Se trata de un proyecto de elaboración colectiva, bajo la convocatoria de la comisión especial de Seguimiento a las Agresiones a Periodistas y Medios de Comunicación, que está presidida el panista Gerardo Priego.

La reforma que adiciona un título vigésimo séptimo “de los delitos cometidos contra la libertad de expresión” en el Código Penal Federal, en noviembre había sido formada por los coordinadores de las bancadas de la Cámara de Diputados, y sin embargo la Comisión de Justicia prolongó su dictamen, con la inclusión de la definición de actividad periodística, al tiempo que se preparó una reforma constitucional.

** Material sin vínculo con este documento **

(* Let N be the kernel of T(V\<^sup>\<star>) \<otimes> T(V)\<^sup>o\<^sup>p \<rightarrow> B\<^sup>! \<otimes> B\<^sup>o\<^sup>p.  Being a subgroup of the free
   abelian group on the finitely many basis paths of length two, I has generators R\<^sub>j with
   additive coordinate functionals; through the identification (V\<^sup>\<star> \<otimes> V\<^sup>\<star>)/I\<^sup>\<bottom> = I\<^sup>\<star>
   these lift to elements y\<^sub>j with r = \<Sum>\<^sub>j \<langle>y\<^sub>j, r\<rangle> R\<^sub>j on I.  Modulo I\<^sup>\<bottom>, hence modulo N
   after tensoring, every x \<in> V\<^sup>\<star> \<otimes> V\<^sup>\<star> may be replaced by \<Sum>\<^sub>j \<langle>x, R\<^sub>j\<rangle> y\<^sub>j.  This turns the
   quadratic term \<Sum>\<^sub>s\<^sub>,\<^sub>t b\<^sub>s\<^sup>\<star> b\<^sub>t\<^sup>\<star> \<otimes> (b\<^sub>s b\<^sub>t)\<^sup>o\<^sup>p into \<Sum>\<^sub>j y\<^sub>j \<otimes> R\<^sub>j and, since
   \<langle>\<mu>\<^sub>1(b\<^sub>i\<^sup>\<star>), r\<rangle> = \<phi>(r)\<^sub>i, the \<mu>\<^sub>1-term \<Sum>\<^sub>i \<mu>\<^sub>1(b\<^sub>i\<^sup>\<star>) \<otimes> b\<^sub>i\<^sup>o\<^sup>p into \<Sum>\<^sub>j y\<^sub>j \<otimes> \<phi>(R\<^sub>j).
   Their sum lies in N because \<phi>(R\<^sub>j) + R\<^sub>j \<in> J. *)

section \<open>Subgroups of integer-valued functions\<close>

interpretation zfun: module "zscale :: int \<Rightarrow> ('a \<Rightarrow> int) \<Rightarrow> 'a \<Rightarrow> int"
  by unfold_locales (auto simp: zscale_def fun_eq_iff algebra_simps)

lemma zscale_apply: "zscale c f x = c * f x"
  by (simp add: zscale_def)

lemma sum_fun_apply: "sum f A x = (\<Sum>i\<in>A. f i x)"
  for f :: "'b \<Rightarrow> 'a \<Rightarrow> 'c::comm_monoid_add"
  by (induction A rule: infinite_finite_induct) auto

lemma zfun_subspaceI:
  fixes S :: "('a \<Rightarrow> int) set"
  assumes zero: "0 \<in> S" and add: "\<And>x y. x \<in> S \<Longrightarrow> y \<in> S \<Longrightarrow> x + y \<in> S"
    and neg: "\<And>x. x \<in> S \<Longrightarrow> - x \<in> S"
  shows "zfun.subspace S"
proof -
  have nat_multiple: "zscale (int k) x \<in> S" if "x \<in> S" for k x
  proof -
    have "(\<Sum>i<k. x) \<in> S"
      by (induction k) (simp_all only: sum.lessThan_Suc lessThan_0 sum.empty zero add \<open>x \<in> S\<close>)
    then show ?thesis
      using zfun.sum_constant_scale[of x "{..<k}"] by simp
  qed
  have "zscale c x \<in> S" if "x \<in> S" for c x
  proof (cases "c \<ge> 0")
    case True
    with nat_multiple[OF that, of "nat c"] show ?thesis by simp
  next
    case False
    then have "zscale c x = - zscale (int (nat (- c))) x"
      by (simp add: fun_eq_iff zscale_apply)
    with neg[OF nat_multiple[OF that]] show ?thesis by metis
  qed
  then show ?thesis
    unfolding zfun.subspace_def using zero add by blast
qed

lemma zspan_eq_span: "zspan S = zfun.span S"
proof
  show "zspan S \<subseteq> zfun.span S"
  proof
    show "x \<in> zfun.span S" if "x \<in> zspan S" for x
      using that by induction (simp_all only: zfun.span_base zfun.span_zero zfun.span_add zfun.span_neg)
  qed
  show "zfun.span S \<subseteq> zspan S"
    by (rule zfun.span_minimal) (simp_all only: subsetI zspan.base zfun_subspaceI zspan.intros)
qed

lemma subspace_ideal_gen: "zfun.subspace (ideal_gen T eR S)"
  by (rule zfun_subspaceI) (simp_all only: ideal_gen.intros)

lemma subspace_coordinate_divisor:
  fixes I :: "('a \<Rightarrow> int) set"
  assumes I: "zfun.subspace I"
  obtains r0 where "r0 \<in> I" and "\<And>r. r \<in> I \<Longrightarrow> r0 p dvd r p"
proof (cases "\<forall>r\<in>I. r p = 0")
  case True
  then show ?thesis using that[of 0] zfun.subspace_0[OF I] by simp
next
  case False
  define attained where "attained k \<longleftrightarrow> 0 < k \<and> (\<exists>r\<in>I. r p = int k)" for k
  obtain r1 where r1: "r1 \<in> I" "r1 p \<noteq> 0" using False by blast
  have "attained (nat \<bar>r1 p\<bar>)"
  proof (cases "r1 p > 0")
    case True
    then show ?thesis using r1 unfolding attained_def by auto
  next
    case False
    then show ?thesis using r1 zfun.subspace_neg[OF I r1(1)]
      unfolding attained_def by (intro conjI bexI[of _ "- r1"]) auto
  qed
  then have "attained (LEAST k. attained k)" by (rule LeastI)
  then obtain r0 where r0: "r0 \<in> I" "r0 p = int (LEAST k. attained k)" "r0 p > 0"
    unfolding attained_def by auto
  have "r0 p dvd r p" if r: "r \<in> I" for r
  proof (rule ccontr)
    assume "\<not> r0 p dvd r p"
    moreover have "0 \<le> r p mod r0 p" "r p mod r0 p < r0 p"
      using r0(3) by simp_all
    ultimately have rem: "0 < r p mod r0 p" "r p mod r0 p < r0 p"
      by (simp_all add: dvd_eq_mod_eq_0)
    have "r - zscale (r p div r0 p) r0 \<in> I"
      using I r r0(1) by (intro zfun.subspace_diff zfun.subspace_scale)
    moreover have "(r - zscale (r p div r0 p) r0) p = r p mod r0 p"
      by (simp add: zscale_apply minus_div_mult_eq_mod [symmetric])
    ultimately have "attained (nat (r p mod r0 p))"
      using rem unfolding attained_def
      by (intro conjI bexI[of _ "r - zscale (r p div r0 p) r0"]) simp_all
    then show False
      using not_less_Least[of "nat (r p mod r0 p)" attained] rem r0(2) by linarith
  qed
  with r0(1) show ?thesis by (rule that)
qed
lemma level_counts_Suc:
  assumes T: "T \<in> space tables" "T \<notin> Bad" and r: "r < n" and IH: "level_counts T r"
  shows "level_counts T (Suc r)"
proof (cases "active r")
  case False
  then have "surv T (Suc r) = surv T r" by (simp add: cut_idle lowest_def)
  moreover have "card {j\<in>surv T r. lo_level r \<le> \<theta> j} \<le> card {j\<in>surv T r. lo_level (Suc r) \<le> \<theta> j}"
    "card {j\<in>surv T r. \<theta> j \<le> hi_level r} \<le> card {j\<in>surv T r. \<theta> j \<le> hi_level (Suc r)}"
    using acc_pos[of r] by (auto intro!: card_filter_mono finite_surv simp: lo_level_def hi_level_def)
  ultimately show ?thesis using IH n_lo_n_hi_idle[OF False] unfolding level_counts_def by auto
next
  case True
  have lo_mono: "card {j\<in>surv T (Suc r). lo_level r \<le> \<theta> j} \<le> card {j\<in>surv T (Suc r). lo_level (Suc r) \<le> \<theta> j}"
    using acc_pos[of r] by (auto intro!: card_filter_mono finite_surv simp: lo_level_def)
  have hi_mono: "card {j\<in>surv T (Suc r). \<theta> j \<le> hi_level r} \<le> card {j\<in>surv T (Suc r). \<theta> j \<le> hi_level (Suc r)}"
    using acc_pos[of r] by (auto intro!: card_filter_mono finite_surv simp: hi_level_def)
  show ?thesis
  proof (cases "cut_low r")
    case low: True
    then have "orient r = 1" "guarded r = n_lo r" by (simp_all add: orient_def guarded_def cut_low_def)
    then have "n_lo r - spend r \<le> card {j\<in>surv T (Suc r). lo_level (Suc r) \<le> \<theta> j}"
      using card_cut_side_ge[OF T r True, of "lo_level r"] IH by (simp add: level_counts_def lo_level_Suc)
    moreover have "n_hi r - n_cut r \<le> card {j\<in>surv T (Suc r). \<theta> j \<le> hi_level (Suc r)}"
      using IH card_surv_Suc_ge[of T r "\<lambda>j. \<theta> j \<le> hi_level r"] hi_mono
      unfolding level_counts_def by linarith
    ultimately show ?thesis using sched_Suc_active(3)[OF True low] unfolding level_counts_def by simp
  next
    case high: False
    then have "orient r = -1" "guarded r = n_hi r" by (simp_all add: orient_def guarded_def cut_low_def)
    moreover have "{j\<in>surv T r. - hi_level r \<le> - \<theta> j} = {j\<in>surv T r. \<theta> j \<le> hi_level r}"
      "{j\<in>surv T (Suc r). - hi_level r - 2 * acc r \<le> - \<theta> j} =
       {j\<in>surv T (Suc r). \<theta> j \<le> hi_level (Suc r)}"
      by (auto simp: hi_level_Suc)
    ultimately have "n_hi r - spend r \<le> card {j\<in>surv T (Suc r). \<theta> j \<le> hi_level (Suc r)}"
      using card_cut_side_ge[OF T r True, of "- hi_level r"] IH by (simp add: level_counts_def)
    moreover have "n_lo r - n_cut r \<le> card {j\<in>surv T (Suc r). lo_level (Suc r) \<le> \<theta> j}"
      using IH card_surv_Suc_ge[of T r "\<lambda>j. lo_level r \<le> \<theta> j"] lo_mono
      unfolding level_counts_def by linarith
    ultimately show ?thesis using sched_Suc_active(4)[OF True high] unfolding level_counts_def by simp
  qed
qed

lemma level_counts_final:
  assumes "T \<in> space tables" "T \<notin> Bad"
  shows "level_counts T n"
proof -
  have "r \<le> n \<Longrightarrow> level_counts T r" for r
    by (induction r) (auto intro: level_counts_0 level_counts_Suc[OF assms])
  then show ?thesis by simp
qed

lemma final_arm_good:
  assumes "T \<in> space tables" "T \<notin> Bad"
  shows "final_arm T \<in> S \<and> kth_largest S \<theta> K - \<phi> \<le> \<theta> (final_arm T) \<and>
    \<theta> (final_arm T) \<le> kth_largest S \<theta> K_tau + \<phi>"
proof -
  let ?a = "final_arm T"
  have "n_lo n \<le> card {j\<in>{?a}. lo_level n \<le> \<theta> j}" "n_hi n \<le> card {j\<in>{?a}. \<theta> j \<le> hi_level n}"
    using level_counts_final[OF assms] surv_final[of T] unfolding level_counts_def by auto
  moreover have "{j\<in>{?a}. lo_level n \<le> \<theta> j} = (if lo_level n \<le> \<theta> ?a then {?a} else {})"
    "{j\<in>{?a}. \<theta> j \<le> hi_level n} = (if \<theta> ?a \<le> hi_level n then {?a} else {})" by auto
  ultimately have "lo_level n \<le> \<theta> ?a" "\<theta> ?a \<le> hi_level n"
    using sched_facts(2,4)[of n] by (auto split: if_splits)
  moreover have "final_arm T \<in> S" using surv_final[of T] surv_subset[of T n] by auto
  ultimately show ?thesis using sum_acc[of n] unfolding lo_level_def hi_level_def by auto
qed

end

lemma measure_uniform_Times:
  assumes "prob_space M" "B \<in> sets M"
  shows "measure (uniform_measure lborel {0..1::real} \<Otimes>\<^sub>M M) (space (uniform_measure lborel {0..1::real}) \<times> B)
    = measure M B"
proof -
  let ?U = "uniform_measure lborel {0..1::real}"
  interpret M: prob_space M by (rule assms(1))
  have U: "prob_space ?U" by (rule prob_space_uniform_measure) auto
  have "emeasure (?U \<Otimes>\<^sub>M M) (space ?U \<times> B) = emeasure ?U (space ?U) * emeasure M B"
    using assms by (intro M.emeasure_pair_measure_Times) auto
  also have "\<dots> = emeasure M B" using prob_space.emeasure_space_1[OF U] by simp
  finally show ?thesis unfolding measure_def by simp
qed
(* Let $N\ge2$, let $G$ be a connected undirected graph with $N$ vertices, and let $L$ be its Laplacian. For $0<\gamma\le\lambda_2(L)$ define \[ \Gamma_\infty(\gamma):=\sup_{t\ge0}\|e^{\gamma t}(e^{-Lt}-\mathbf{1}\bar{\mathbf{1}})\|_\infty. \] Then: (a) for all $0<\gamma\le\lambda_2(L)$, $2-\frac2N\le\Gamma_\infty(\gamma)\le N-1$; (b) if $G$ is a complete graph, then $\lambda_2(L)=N$ and $\Gamma_\infty(\gamma)=2-\frac2N$ for all $0<\gamma\le N$.
   Context: $\mathbf{1}=(1,\dots,1)^\top\in\mathbb{R}^N$, $\bar{\mathbf{1}}=\frac1N\mathbf{1}^\top$; $\|\cdot\|_\infty$ is the matrix norm induced by the maximum norm (maximum absolute row sum); $\lambda_2(L)$ is the second smallest eigenvalue of $L$. *)

theory Defs
  imports "HOL-Analysis.Analysis" "HOL-Computational_Algebra.Polynomial"
begin

definition undirected_graph :: "('n \<Rightarrow> 'n \<Rightarrow> bool) \<Rightarrow> bool" where
  "undirected_graph E \<longleftrightarrow> (\<forall>i j. E i j \<longrightarrow> E j i) \<and> (\<forall>i. \<not> E i i)"

definition graph_connected :: "('n \<Rightarrow> 'n \<Rightarrow> bool) \<Rightarrow> bool" where
  "graph_connected E \<longleftrightarrow> (\<forall>i j. E\<^sup>*\<^sup>* i j)"

definition complete_graph :: "('n \<Rightarrow> 'n \<Rightarrow> bool) \<Rightarrow> bool" where
  "complete_graph E \<longleftrightarrow> (\<forall>i j. i \<noteq> j \<longrightarrow> E i j)"

definition laplacian :: "('n::finite \<Rightarrow> 'n \<Rightarrow> bool) \<Rightarrow> real^'n^'n" where
  "laplacian E = (\<chi> i j. if i = j then real (card {k. E i k}) else if E i j then -1 else 0)"

fun mat_pow :: "real^'n::finite^'n \<Rightarrow> nat \<Rightarrow> real^'n^'n" where
  "mat_pow A 0 = mat 1"
| "mat_pow A (Suc k) = A ** mat_pow A k"

definition mat_exp :: "real^'n::finite^'n \<Rightarrow> real^'n^'n" where
  "mat_exp A = (\<Sum>k. (1 / fact k) *\<^sub>R mat_pow A k)"

(* the matrix 1 * (1/N) 1^T *)
definition avg_mat :: "real^'n::finite^'n" where
  "avg_mat = (\<chi> i j. 1 / real CARD('n))"

(* matrix norm induced by the maximum norm: maximum absolute row sum *)
definition inf_norm :: "real^'n::finite^'n \<Rightarrow> real" where
  "inf_norm A = Max (range (\<lambda>i. \<Sum>j\<in>UNIV. \<bar>A $ i $ j\<bar>))"
(* Let $(S_j)_{j\ge1}$ be a $\boldsymbol\mu$-geometrically Cauchy sequence in $\mathbb T$. Then there is $S\in\mathbb T$ such that $S_j$ converges $\boldsymbol\mu$-geometrically to $S$.
   Context: $\mathbb T$ is the field of real grid-based transseries over the ordered group $\mathfrak G$ of transmonomials; $\operatorname{mag}T$ is the dominant monomial of $T\ne0$. A ratio set is a finite $\boldsymbol\mu\subset\{\mathfrak g\prec1\}$; $\boldsymbol\mu^*$ (resp. $\boldsymbol\mu^+$) is the set of products of zero or more (resp. one or more) elements of $\boldsymbol\mu$. Monomials: $\mathfrak m\prec^{\boldsymbol\mu}\mathfrak n$ iff $\mathfrak m/\mathfrak n\in\boldsymbol\mu^+$; transseries: $A\prec^{\boldsymbol\mu}B$ (written also $B\succ^{\boldsymbol\mu}A$) iff each $\mathfrak a\in\operatorname{supp}A$ is $\prec^{\boldsymbol\mu}$ some $\mathfrak b\in\operatorname{supp}B$. $\boldsymbol\mu$ witnesses nonzero $T$ iff $\operatorname{supp}T\subseteq(\operatorname{mag}T)\boldsymbol\mu^*$. A sequence $(S_j)$ is $\boldsymbol\mu$-geometrically Cauchy if for all $j$, $\boldsymbol\mu$ witnesses $S_{j+1}-S_j$ and (for $j\ge2$) $S_j-S_{j-1}\succ^{\boldsymbol\mu}S_{j+1}-S_j$; equivalently the series $\sum_{j\ge1}(S_{j+1}-S_j)$ is $\boldsymbol\mu$-geometrically convergent, where $\sum A_j$ is $\boldsymbol\mu$-geometrically convergent if $\boldsymbol\mu$ witnesses each $A_j$ and $A_j\succ^{\boldsymbol\mu}A_{j+1}$ for all $j$. $S_j$ converges $\boldsymbol\mu$-geometrically to $S$ if for all $j$, $\boldsymbol\mu$ witnesses $S-S_j$ and $S-S_j\succ^{\boldsymbol\mu}S-S_{j+1}$. *)

theory Defs
  imports Complex_Main "HOL-Library.Function_Algebras"
begin

text \<open>Monomials form a linearly ordered abelian group, written additively:
  the product of monomials is +, the unit monomial is 0, and "m is infinitesimal"
  (m \<prec> 1) is m < 0.  A (grid-based) transseries is a real coefficient function
  on monomials with grid-based support.\<close>

definition supp :: "('g \<Rightarrow> real) \<Rightarrow> 'g set" where
  "supp T = {m. T m \<noteq> 0}"

definition ratio_set :: "'g::linordered_ab_group_add set \<Rightarrow> bool" where
  "ratio_set \<mu> \<longleftrightarrow> finite \<mu> \<and> (\<forall>e\<in>\<mu>. e < 0)"

definition rstar :: "'g::linordered_ab_group_add set \<Rightarrow> 'g set" where
  "rstar \<mu> = {sum_list xs | xs. set xs \<subseteq> \<mu>}"

definition rplus :: "'g::linordered_ab_group_add set \<Rightarrow> 'g set" where
  "rplus \<mu> = {sum_list xs | xs. set xs \<subseteq> \<mu> \<and> xs \<noteq> []}"

definition grid_based :: "('g::linordered_ab_group_add \<Rightarrow> real) \<Rightarrow> bool" where
  "grid_based T \<longleftrightarrow> (\<exists>m \<mu>. ratio_set \<mu> \<and> supp T \<subseteq> {m + w | w. w \<in> rstar \<mu>})"

definition mag :: "('g::linordered_ab_group_add \<Rightarrow> real) \<Rightarrow> 'g" where
  "mag T = (THE m. m \<in> supp T \<and> (\<forall>n\<in>supp T. n \<le> m))"

definition mono_prec :: "'g::linordered_ab_group_add set \<Rightarrow> 'g \<Rightarrow> 'g \<Rightarrow> bool" where
  "mono_prec \<mu> m n \<longleftrightarrow> m - n \<in> rplus \<mu>"

definition ts_prec :: "'g::linordered_ab_group_add set \<Rightarrow> ('g \<Rightarrow> real) \<Rightarrow> ('g \<Rightarrow> real) \<Rightarrow> bool" where
  "ts_prec \<mu> A B \<longleftrightarrow> (\<forall>a\<in>supp A. \<exists>b\<in>supp B. mono_prec \<mu> a b)"

definition witnesses :: "'g::linordered_ab_group_add set \<Rightarrow> ('g \<Rightarrow> real) \<Rightarrow> bool" where
  "witnesses \<mu> T \<longleftrightarrow> T \<noteq> 0 \<and> supp T \<subseteq> {mag T + w | w. w \<in> rstar \<mu>}"

definition geom_cauchy :: "'g::linordered_ab_group_add set \<Rightarrow> (nat \<Rightarrow> 'g \<Rightarrow> real) \<Rightarrow> bool" where
  "geom_cauchy \<mu> S \<longleftrightarrow>
     (\<forall>j\<ge>1. witnesses \<mu> (S (Suc j) - S j)) \<and>
     (\<forall>j\<ge>2. ts_prec \<mu> (S (Suc j) - S j) (S j - S (j - 1)))"

definition geom_converges :: "'g::linordered_ab_group_add set \<Rightarrow> (nat \<Rightarrow> 'g \<Rightarrow> real) \<Rightarrow> ('g \<Rightarrow> real) \<Rightarrow> bool" where
  "geom_converges \<mu> S L \<longleftrightarrow>
     (\<forall>j\<ge>1. witnesses \<mu> (L - S j) \<and> ts_prec \<mu> (L - S (Suc j)) (L - S j))"

end

theory Submission
  imports Defs "HOL-Library.Multiset"
begin

text \<open>Write D_j = S_(j+1) - S_j. Geometric Cauchyness makes every monomial of D_(j+k)
  a product of mag D_j with at least k ratios. By Dickson's lemma a fixed monomial has only
  boundedly long representations as such a product, so every coefficient of S_j is eventually
  constant and the limit L exists pointwise. Then L - S_j = \<Sum>_(i \<ge> j) D_i has dominant monomial
  mag D_j and support in (mag D_j) \<mu>^*, which is geometric convergence; and
  L = S_1 + (L - S_1) is grid-based.\<close>

section \<open>Dickson's lemma\<close>

lemma nat_seq_nondecreasing_subseq:
  fixes h :: "nat \<Rightarrow> nat"
  shows "\<exists>s. strict_mono s \<and> (\<forall>n. h (s n) \<le> h (s (Suc n)))"
proof -
  obtain s where s: "strict_mono s" "monoseq (\<lambda>n. h (s n))"
    using seq_monosub by blast
  show ?thesis
  proof (cases "\<forall>m. \<forall>n\<ge>m. h (s m) \<le> h (s n)")
    case True
    with s(1) show ?thesis by auto
  next
    case False
    then have antitone: "h (s n) \<le> h (s m)" if "m \<le> n" for m n
      using s(2) that unfolding monoseq_def by blast
    obtain n0 where n0: "\<forall>n. h (s n0) \<le> h (s n)"
      using ex_has_least_nat[of "\<lambda>_. True" 0 "\<lambda>n. h (s n)"] by auto
    have const: "h (s (n + n0)) = h (s n0)" for n
      using antitone[of n0 "n + n0"] n0 by (simp add: order_antisym)
    have "strict_mono (\<lambda>n. s (n + n0))"
      using s(1) by (simp add: strict_mono_def)
    moreover have "h (s (n + n0)) \<le> h (s (Suc n + n0))" for n
      unfolding const ..
    ultimately show ?thesis by blast
  qed
qed

lemma mset_seq_subset_chain_subseq:
  fixes M :: "nat \<Rightarrow> 'a multiset"
  assumes "finite A" and "\<forall>n. set_mset (M n) \<subseteq> A"
  shows "\<exists>r. strict_mono r \<and> (\<forall>n. M (r n) \<subseteq># M (r (Suc n)))"
  using assms
proof (induction A arbitrary: M rule: finite_induct)
  case empty
  then have "M n = {#}" for n by auto
  with strict_mono_id show ?case by auto
next
  case (insert a A)
  define M' where "M' n = filter_mset (\<lambda>x. x \<noteq> a) (M n)" for n
  have "\<forall>n. set_mset (M' n) \<subseteq> A"
    using insert.prems unfolding M'_def by auto
  then obtain r where r: "strict_mono r" "\<forall>n. M' (r n) \<subseteq># M' (r (Suc n))"
    using insert.IH by blast
  obtain s where s: "strict_mono s" "\<forall>n. count (M (r (s n))) a \<le> count (M (r (s (Suc n)))) a"
    using nat_seq_nondecreasing_subseq[of "\<lambda>n. count (M (r n)) a"] by blast
  have "M' (r (s n)) \<subseteq># M' (r (s (Suc n)))" for n
    using subset_mset.lift_Suc_mono_le[of "\<lambda>n. M' (r n)"] r(2) s(1)
    by (simp add: strict_mono_less_eq)
  then have count_M': "count (M' (r (s n))) x \<le> count (M' (r (s (Suc n)))) x" for n x
    by (simp add: subseteq_mset_def)
  have "count (M (r (s n))) x \<le> count (M (r (s (Suc n)))) x" for n x
  proof (cases "x = a")
    case False
    then show ?thesis using count_M'[of n x] by (simp add: M'_def)
  qed (use s(2) in simp)
  moreover have "strict_mono (\<lambda>n. r (s n))"
    using r(1) s(1) by (simp add: strict_mono_def)
  ultimately show ?case
    unfolding subseteq_mset_def by (intro exI[of _ "r \<circ> s"]) auto
qed

section \<open>Products of ratios\<close>

lemma in_rstar_iff_sum_mset: "w \<in> rstar \<mu> \<longleftrightarrow> (\<exists>M. set_mset M \<subseteq> \<mu> \<and> w = sum_mset M)"
proof
  assume "w \<in> rstar \<mu>"
  then obtain xs where "set xs \<subseteq> \<mu>" "w = sum_list xs" unfolding rstar_def by blast
  then show "\<exists>M. set_mset M \<subseteq> \<mu> \<and> w = sum_mset M"
    by (intro exI[of _ "mset xs"]) (simp add: sum_mset_sum_list)
next
  assume "\<exists>M. set_mset M \<subseteq> \<mu> \<and> w = sum_mset M"
  then obtain xs where "set xs \<subseteq> \<mu>" "w = sum_list xs"
    by (metis ex_mset set_mset_mset sum_mset_sum_list)
  then show "w \<in> rstar \<mu>" unfolding rstar_def by blast
qed

lemma in_rplus_iff_sum_mset:
  "w \<in> rplus \<mu> \<longleftrightarrow> (\<exists>M. set_mset M \<subseteq> \<mu> \<and> M \<noteq> {#} \<and> w = sum_mset M)"
proof
  assume "w \<in> rplus \<mu>"
  then obtain xs where "set xs \<subseteq> \<mu>" "xs \<noteq> []" "w = sum_list xs" unfolding rplus_def by blast
  then show "\<exists>M. set_mset M \<subseteq> \<mu> \<and> M \<noteq> {#} \<and> w = sum_mset M"
    by (intro exI[of _ "mset xs"]) (simp add: sum_mset_sum_list)
next
  assume "\<exists>M. set_mset M \<subseteq> \<mu> \<and> M \<noteq> {#} \<and> w = sum_mset M"
  then obtain xs where "set xs \<subseteq> \<mu>" "xs \<noteq> []" "w = sum_list xs"
    by (metis ex_mset mset_zero_iff set_mset_mset sum_mset_sum_list)
  then show "w \<in> rplus \<mu>" unfolding rplus_def by blast
qed

lemma sum_mset_neg:
  fixes M :: "'g::linordered_ab_group_add multiset"
  assumes "\<And>e. e \<in># M \<Longrightarrow> e < 0" and "M \<noteq> {#}"
  shows "sum_mset M < 0"
  using assms
proof (induction M)
  case (add x M)
  then show ?case by (cases "M = {#}") (auto intro: add_neg_neg)
qed simp

lemma sum_mset_nonpos:
  fixes M :: "'g::linordered_ab_group_add multiset"
  assumes "\<And>e. e \<in># M \<Longrightarrow> e < 0"
  shows "sum_mset M \<le> 0"
  using sum_mset_neg[OF assms] by (cases "M = {#}") (auto simp: less_imp_le)

lemma sum_mset_strict_antimono:
  fixes M N :: "'g::linordered_ab_group_add multiset"
  assumes "M \<subset># N" and "\<And>e. e \<in># N \<Longrightarrow> e < 0"
  shows "sum_mset N < sum_mset M"
proof -
  have N: "N = M + (N - M)"
    using assms(1) by (simp add: subset_mset.add_diff_inverse)
  have "N - M \<noteq> {#}"
  proof
    assume "N - M = {#}"
    with N assms(1) show False by simp
  qed
  then have "sum_mset (N - M) < 0"
    using assms(2) by (intro sum_mset_neg) (auto dest: in_diffD)
  then show ?thesis
    by (subst N) simp
qed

El dictamen de la federalización de los delitos contra la libertad de expresión expone que además de las penas que impone la comisión de un delito penal, se añadirán de uno a cinco años de prisión y de 100 a 500 días multa a quien impida, interfiera, limite o atente contra la actividad periodística, de acuerdo con el artículo propuesto.

En el artículo 431, se añade la definición de actividad periodística: es “el ejercicio de buscar, recolectar, fotografiar, investigar, sintetizar, redactar, jerarquizar, editar, imprimir, divulgar, publicar, o difundir informaciones, noticias, ideas u opiniones para conocimiento del público en general a través de cualquier medio de comunicación, así como la distribución de éstas”.

Indignación

Queda claro que los integrantes de la citada comisión, Francisco Javier Romero, Alejandra Roldán Benitez, Lilia Caritina Olvera Coronel y Vicente Morales Pérez pretenden poner un bozal a los medios de comunicación y de concretarse esta propuesta atentaría no sólo contra el gremio periodístico sino contra el pueblo.

Y por qué, porque la ciudadanía tiene derecho a estar debidamente informados sobre lo que pasa en Tlaxcala, tiene derecho a conocer las tropelías y los excesos que comenten los funcionarios en el poder, pero sobre todo tiene derecho a emitir un juicio sobre el quehacer de los propios medios y del actuar de los políticos.

Darle más elementos a la Comisión de Acceso a la Información Pública y Protección de Datos Personales, sería riesgoso porque se convertiría en la Santa Inquisición de periodistas y de empresas en el estado de Tlaxcala. Sería importante el punto de vista de analistas y del propio pueblo para conocer su postura ante este agravio.